definition cost1 :: "'r cgame \<Rightarrow> real \<Rightarrow> real \<Rightarrow> 'r set \<Rightarrow> 'r set \<Rightarrow> real" where
  "cost1 G w1 w2 A1 A2 = w1 * (\<Sum>r\<in>A1. alpha G r + beta G r * load w1 w2 A1 A2 r)"

definition cost2 :: "'r cgame \<Rightarrow> real \<Rightarrow> real \<Rightarrow> 'r set \<Rightarrow> 'r set \<Rightarrow> real" where
  "cost2 G w1 w2 A1 A2 = w2 * (\<Sum>r\<in>A2. alpha G r + beta G r * load w1 w2 A1 A2 r)"

definition social_cost :: "'r cgame \<Rightarrow> real \<Rightarrow> real \<Rightarrow> 'r set \<Rightarrow> 'r set \<Rightarrow> real" where
  "social_cost G w1 w2 A1 A2 = cost1 G w1 w2 A1 A2 + cost2 G w1 w2 A1 A2"

definition is_NE :: "'r cgame \<Rightarrow> real \<Rightarrow> real \<Rightarrow> 'r set \<Rightarrow> 'r set \<Rightarrow> bool" where
  "is_NE G w1 w2 A1 A2 \<longleftrightarrow> A1 \<in> acts1 G \<and> A2 \<in> acts2 G
     \<and> (\<forall>B\<in>acts1 G. cost1 G w1 w2 A1 A2 \<le> cost1 G w1 w2 B A2)
     \<and> (\<forall>B\<in>acts2 G. cost2 G w1 w2 A1 A2 \<le> cost2 G w1 w2 A1 B)"

definition opt_cost :: "'r cgame \<Rightarrow> real \<Rightarrow> real \<Rightarrow> real" where
  "opt_cost G w1 w2 = Min {social_cost G w1 w2 A1 A2 | A1 A2. A1 \<in> acts1 G \<and> A2 \<in> acts2 G}"

definition poa_inst :: "'r cgame \<Rightarrow> real \<Rightarrow> real \<Rightarrow> ereal" where
  "poa_inst G w1 w2 = Sup {ereal (social_cost G w1 w2 A1 A2 / opt_cost G w1 w2) | A1 A2. is_NE G w1 w2 A1 A2}"

text \<open>Directed (multi)graphs: arc set E with tail/head maps; simple directed s-t paths
  as lists of arcs with distinct visited vertices.\<close>
definition is_path :: "'e set \<Rightarrow> ('e \<Rightarrow> 'v) \<Rightarrow> ('e \<Rightarrow> 'v) \<Rightarrow> 'v \<Rightarrow> 'v \<Rightarrow> 'e list \<Rightarrow> bool" where
  "is_path E tl' hd' s t es \<longleftrightarrow> set es \<subseteq> E \<and>
     ((es = [] \<and> s = t) \<or>
      (es \<noteq> [] \<and> tl' (hd es) = s \<and> hd' (last es) = t
        \<and> (\<forall>i. Suc i < length es \<longrightarrow> hd' (es ! i) = tl' (es ! Suc i))
        \<and> distinct (s # map hd' es)))"

definition path_actions :: "'e set \<Rightarrow> ('e \<Rightarrow> 'v) \<Rightarrow> ('e \<Rightarrow> 'v) \<Rightarrow> 'v \<Rightarrow> 'v \<Rightarrow> 'e set set" where
  "path_actions E tl' hd' s t = {set es | es. is_path E tl' hd' s t es}"

definition net_game :: "'e set \<Rightarrow> ('e \<Rightarrow> 'v) \<Rightarrow> ('e \<Rightarrow> 'v) \<Rightarrow> ('e \<Rightarrow> real) \<Rightarrow> ('e \<Rightarrow> real)
     \<Rightarrow> 'v \<Rightarrow> 'v \<Rightarrow> 'v \<Rightarrow> 'v \<Rightarrow> 'e cgame" where
  "net_game E tl' hd' a b s1 t1 s2 t2 =
     \<lparr>res = E, alpha = a, beta = b,
      acts1 = path_actions E tl' hd' s1 t1, acts2 = path_actions E tl' hd' s2 t2\<rparr>"

text \<open>Class of all games (resources w.l.o.g. of type nat) and network routing games
  (arcs and vertices w.l.o.g. of type nat).\<close>
definition all_games :: "nat cgame set" where
  "all_games = {G. valid_game G}"

definition network_games :: "nat cgame set" where
  "network_games = {G. \<exists>E (tl' :: nat \<Rightarrow> nat) hd' a b s1 t1 s2 t2.
       G = net_game E tl' hd' a b s1 t1 s2 t2 \<and> valid_game G}"

definition poa_class :: "nat cgame set \<Rightarrow> real \<Rightarrow> real \<Rightarrow> ereal" where
  "poa_class C w1 w2 = (SUP G \<in> {G \<in> C. opt_cost G w1 w2 > 0}. poa_inst G w1 w2)"

definition poa_value :: "real \<Rightarrow> real \<Rightarrow> real" where
  "poa_value w1 w2 = 1 + w1 * w2 * (w1 + w2 + max w1 w2)
                        / (w1 ^ 3 + w2 ^ 3 + w1 * w2 * min w1 w2)"

text \<open>The example network: vertices a,b,c,d,e = 0,1,2,3,4; arcs are pairs (u,v).\<close>
definition ex_arcs :: "(nat \<times> nat) set" where
  "ex_arcs = {(0,1), (0,2), (1,3), (1,4), (2,3), (2,4)}"

definition ex_beta :: "real \<Rightarrow> real \<Rightarrow> nat \<times> nat \<Rightarrow> real" where
  "ex_beta w1 w2 e =
     (if e = (0,1) then w1 * w2 + w2 ^ 2
      else if e = (0,2) then w1 * w2
      else if e = (2,4) then w1 ^ 2 + w1 * w2 + w2 ^ 2
      else 0)"

definition ex_game :: "real \<Rightarrow> real \<Rightarrow> (nat \<times> nat) cgame" where
  "ex_game w1 w2 = net_game ex_arcs fst snd (\<lambda>_. 0) (ex_beta w1 w2) 0 3 0 4"

end

theory Submission
  imports Defs
begin

(* Let w1 \<ge> w2, D = w1^3 + w2^3 + w1 w2^2 and N = w1 w2 (2 w1 + w2), so that the claimed value is
   1 + N / D.  For an equilibrium A and any profile B, the quantity
     (w1 + w2) (D C(A) - (D + N) C(B)) + (D + N) w1 (C1(B1, A2) - C1(A))
       + D (w1 + w2) (C2(A1, B2) - C2(A))
   is a sum over resources of terms that are nonpositive for every affine latency with nonnegative
   coefficients, whichever of A1, A2, B1, B2 use the resource.  The Nash conditions make the last
   two summands nonnegative, hence D C(A) \<le> (D + N) C(B).  In the five-vertex network the
   equilibrium (a-b-d, a-c-e) costs w2 (D + N) and the profile (a-c-d, a-b-e) costs w2 D; for w2 = 0
   a single shared arc attains the value 1.  The case w1 < w2 follows by exchanging the players. *)

definition poa_num :: "real \<Rightarrow> real \<Rightarrow> real" where
  "poa_num p q = p * q * (2 * p + q)"

definition poa_den :: "real \<Rightarrow> real \<Rightarrow> real" where
  "poa_den p q = p ^ 3 + q ^ 3 + p * q ^ 2"

lemma poa_value_eq:
  assumes "w2 \<le> w1"
  shows "poa_value w1 w2 = 1 + poa_num w1 w2 / poa_den w1 w2"
  using assms
  by (simp add: poa_value_def poa_num_def poa_den_def max_def min_def power2_eq_square algebra_simps)

lemma poa_value_commute: "poa_value w1 w2 = poa_value w2 w1"
  by (simp add: poa_value_def max.commute min.commute algebra_simps)

lemma poa_num_nonneg: "0 \<le> p \<Longrightarrow> 0 \<le> q \<Longrightarrow> 0 \<le> poa_num p q"
  by (simp add: poa_num_def)

lemma poa_den_nonneg: "0 \<le> p \<Longrightarrow> 0 \<le> q \<Longrightarrow> 0 \<le> poa_den p q"
  by (simp add: poa_den_def)

lemma poa_den_pos: "0 < p \<Longrightarrow> 0 \<le> q \<Longrightarrow> 0 < poa_den p q"
  by (simp add: poa_den_def add_pos_nonneg)

lemma poa_slack_nonneg:
  assumes "0 \<le> q" "q \<le> p"
  shows "0 \<le> poa_num p q * p - poa_den p q * q"
proof -
  have "poa_num p q * p - poa_den p q * q = q * (p + q) * (p\<^sup>2 - q\<^sup>2)"
    unfolding poa_num_def poa_den_def by algebra
  moreover have "q\<^sup>2 \<le> p\<^sup>2" using assms by (simp add: power_mono)
  ultimately show ?thesis using assms by simp
qed

lemma resource_linear_part_nonpos:
  fixes p q x1 x2 y1 y2 :: real
  assumes "0 \<le> q" "q \<le> p" "0 \<le> x1" "0 \<le> y1" "0 \<le> y2"
  defines "D \<equiv> poa_den p q" and "N \<equiv> poa_num p q"
  shows "(p + q) * (D * (x1 + x2) - (D + N) * (y1 + y2)) + (D + N) * p * (y1 - x1)
      + D * (p + q) * (y2 - x2) \<le> 0"
proof -
  have "(p + q) * (D * (x1 + x2) - (D + N) * (y1 + y2)) + (D + N) * p * (y1 - x1)
      + D * (p + q) * (y2 - x2) = - ((N * p - D * q) * x1 + (D + N) * q * y1 + (p + q) * N * y2)"
    by algebra
  moreover have "0 \<le> N * p - D * q" "0 \<le> D" "0 \<le> N"
    using poa_slack_nonneg[of q p] poa_num_nonneg[of p q] poa_den_nonneg[of p q] assms
    by (auto simp: D_def N_def)
  then have "0 \<le> (N * p - D * q) * x1 + (D + N) * q * y1 + (p + q) * N * y2"
    using assms by (intro add_nonneg_nonneg mult_nonneg_nonneg) simp_all
  ultimately show ?thesis by linarith
qed

lemma resource_quadratic_part_nonpos:
  fixes p q x1 x2 y1 y2 :: real
  assumes q: "0 \<le> q" "q \<le> p"
    and x: "x1 \<in> {0, p}" "x2 \<in> {0, q}" and y: "y1 \<in> {0, p}" "y2 \<in> {0, q}"
  defines "D \<equiv> poa_den p q" and "N \<equiv> poa_num p q"
  shows "(p + q) * (D * (x1 + x2)\<^sup>2 - (D + N) * (y1 + y2)\<^sup>2)
      + (D + N) * p * (y1 * (y1 + x2) - x1 * (x1 + x2))
      + D * (p + q) * (y2 * (x1 + y2) - x2 * (x1 + x2)) \<le> 0"
proof -
  define K where "K = N * p - D * q"
  have "K \<ge> 0" "D \<ge> 0" "N \<ge> 0"
    using poa_slack_nonneg[of q p] poa_num_nonneg[of p q] poa_den_nonneg[of p q] q
    by (auto simp: K_def D_def N_def)
  have nonneg: "x1 \<ge> 0" "x2 \<ge> 0" "y1 \<ge> 0" "y2 \<ge> 0" using x y q by auto
  have "y1 * (p * x2 - q * y1) \<le> 0"
    using x y q by auto
  then have term1: "(D + N) * y1 * (p * x2 - q * y1) \<le> 0"
    using \<open>D \<ge> 0\<close> \<open>N \<ge> 0\<close> by (metis mult.assoc mult_nonneg_nonpos add_nonneg_nonneg)
  have term2: "x1 * (D * (p + q) * y2 - K * (x1 + x2)) - (p + q) * N * y2\<^sup>2 \<le> 0"
  proof (cases "x1 = p \<and> y2 = q")
    case True
    (* Tight for x2 = 0: this is the case that determines D and N. *)
    have "p * (D * (p + q) * q - K * p) = (p + q) * N * q\<^sup>2"
      unfolding K_def D_def N_def poa_den_def poa_num_def by algebra
    with True have "x1 * (D * (p + q) * y2 - K * (x1 + x2)) - (p + q) * N * y2\<^sup>2 = - K * p * x2"
      by (simp add: algebra_simps power2_eq_square)
    then show ?thesis using \<open>K \<ge> 0\<close> q nonneg by simp
  next
    case False
    then have "x1 = 0 \<or> y2 = 0" using x y by auto
    then show ?thesis using \<open>K \<ge> 0\<close> \<open>N \<ge> 0\<close> q nonneg by auto
  qed
  have term3: "(p + q) * (D + N) * y1 * y2 \<ge> 0"
    using \<open>D \<ge> 0\<close> \<open>N \<ge> 0\<close> q nonneg by simp
  have "(p + q) * (D * (x1 + x2)\<^sup>2 - (D + N) * (y1 + y2)\<^sup>2)
      + (D + N) * p * (y1 * (y1 + x2) - x1 * (x1 + x2))
      + D * (p + q) * (y2 * (x1 + y2) - x2 * (x1 + x2))
      = (D + N) * y1 * (p * x2 - q * y1)
        + (x1 * (D * (p + q) * y2 - K * (x1 + x2)) - (p + q) * N * y2\<^sup>2)
        - 2 * ((p + q) * (D + N) * y1 * y2)"
    unfolding K_def by algebra
  then show ?thesis using term1 term2 term3 by linarith
qed

lemma affine_resource_inequality:
  fixes p q a b x1 x2 y1 y2 :: real
  assumes "0 \<le> q" "q \<le> p" and "0 \<le> a" "0 \<le> b"
    and "x1 \<in> {0, p}" "x2 \<in> {0, q}" "y1 \<in> {0, p}" "y2 \<in> {0, q}"
  defines "D \<equiv> poa_den p q" and "N \<equiv> poa_num p q" and "lat \<equiv> \<lambda>z. a + b * z"
  shows "(p + q) * (D * ((x1 + x2) * lat (x1 + x2)) - (D + N) * ((y1 + y2) * lat (y1 + y2)))
       + (D + N) * p * (y1 * lat (y1 + x2) - x1 * lat (x1 + x2))
       + D * (p + q) * (y2 * lat (x1 + y2) - x2 * lat (x1 + x2)) \<le> 0"
proof -
  have "(p + q) * (D * ((x1 + x2) * lat (x1 + x2)) - (D + N) * ((y1 + y2) * lat (y1 + y2)))
       + (D + N) * p * (y1 * lat (y1 + x2) - x1 * lat (x1 + x2))
       + D * (p + q) * (y2 * lat (x1 + y2) - x2 * lat (x1 + x2))
     = a * ((p + q) * (D * (x1 + x2) - (D + N) * (y1 + y2)) + (D + N) * p * (y1 - x1)
      + D * (p + q) * (y2 - x2))
     + b * ((p + q) * (D * (x1 + x2)\<^sup>2 - (D + N) * (y1 + y2)\<^sup>2)
      + (D + N) * p * (y1 * (y1 + x2) - x1 * (x1 + x2))
      + D * (p + q) * (y2 * (x1 + y2) - x2 * (x1 + x2)))"
    unfolding lat_def by algebra
  also have "\<dots> \<le> 0"
    using assms resource_linear_part_nonpos[of q p x1 y1 y2 x2]
      resource_quadratic_part_nonpos[of q p x1 x2 y1 y2]
    by (force simp: add_nonpos_nonpos mult_nonneg_nonpos)
  finally show ?thesis .
qed

lemma cost1_eq_sum:
  assumes "finite R" "X \<subseteq> R"
  shows "cost1 G w1 w2 X Y
    = (\<Sum>r\<in>R. (if r \<in> X then w1 else 0) * (alpha G r + beta G r * load w1 w2 X Y r))"
  unfolding cost1_def sum_distrib_left
  by (rule sum.mono_neutral_cong_left) (use assms in auto)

+++

• [Exercise description]
All that is needed is a number: how many lines in the data above contain the string "ereal".

• [Solution for this exercise]
3